ACTIVITY
Extract every line from the records below that contains the word "intro".
■ ■ ■
lemma double_sum_near_far_le:
  fixes r :: "nat \<Rightarrow> nat \<Rightarrow> real"
  assumes near: "\<And>n n'. r n n' \<le> 1"
    and far: "\<And>n n'. n + L \<le> n' \<or> n' + L \<le> n \<Longrightarrow> r n n' \<le> \<epsilon>" and "0 \<le> \<epsilon>"
  shows "(\<Sum>n\<in>{1..N}. \<Sum>n'\<in>{1..N}. r n n') \<le> real N * (2 * real L) + real N * (real N * \<epsilon>)"
proof -
  have row: "(\<Sum>n'\<in>{1..N}. r n n') \<le> 2 * real L + real N * \<epsilon>" for n
  proof -
    have "(\<Sum>n'\<in>{1..N}. r n n') \<le> (\<Sum>n'\<in>{1..N}. (if n' \<in> {n - L<..<n + L} then 1 else 0) + \<epsilon>)"
    proof (intro sum_mono)
      fix n' assume "n' \<in> {1..N}"
      then have "n' \<notin> {n - L<..<n + L} \<Longrightarrow> n + L \<le> n' \<or> n' + L \<le> n" by auto
      then show "r n n' \<le> (if n' \<in> {n - L<..<n + L} then 1 else 0) + \<epsilon>"
        using near[of n n'] far[of n n'] \<open>0 \<le> \<epsilon>\<close> by (cases "n' \<in> {n - L<..<n + L}") auto
    qed
    also have "\<dots> = real (card ({1..N} \<inter> {n - L<..<n + L})) + real N * \<epsilon>"
      by (simp only: sum.distrib sum.inter_restrict[symmetric] finite_atLeastAtMost) simp
    also have "card ({1..N} \<inter> {n - L<..<n + L}) \<le> 2 * L"
      using card_mono[of "{n - L<..<n + L}" "{1..N} \<inter> {n - L<..<n + L}"] by simp
    finally show ?thesis by simp
  qed
  have "(\<Sum>n\<in>{1..N}. \<Sum>n'\<in>{1..N}. r n n') \<le> (\<Sum>n\<in>{1..N}. 2 * real L + real N * \<epsilon>)"
    by (intro sum_mono row)
  then show ?thesis by (simp add: algebra_simps)
qed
■ ■ ■
TASK ANSWER
    proof (intro sum_mono)
    by (intro sum_mono row)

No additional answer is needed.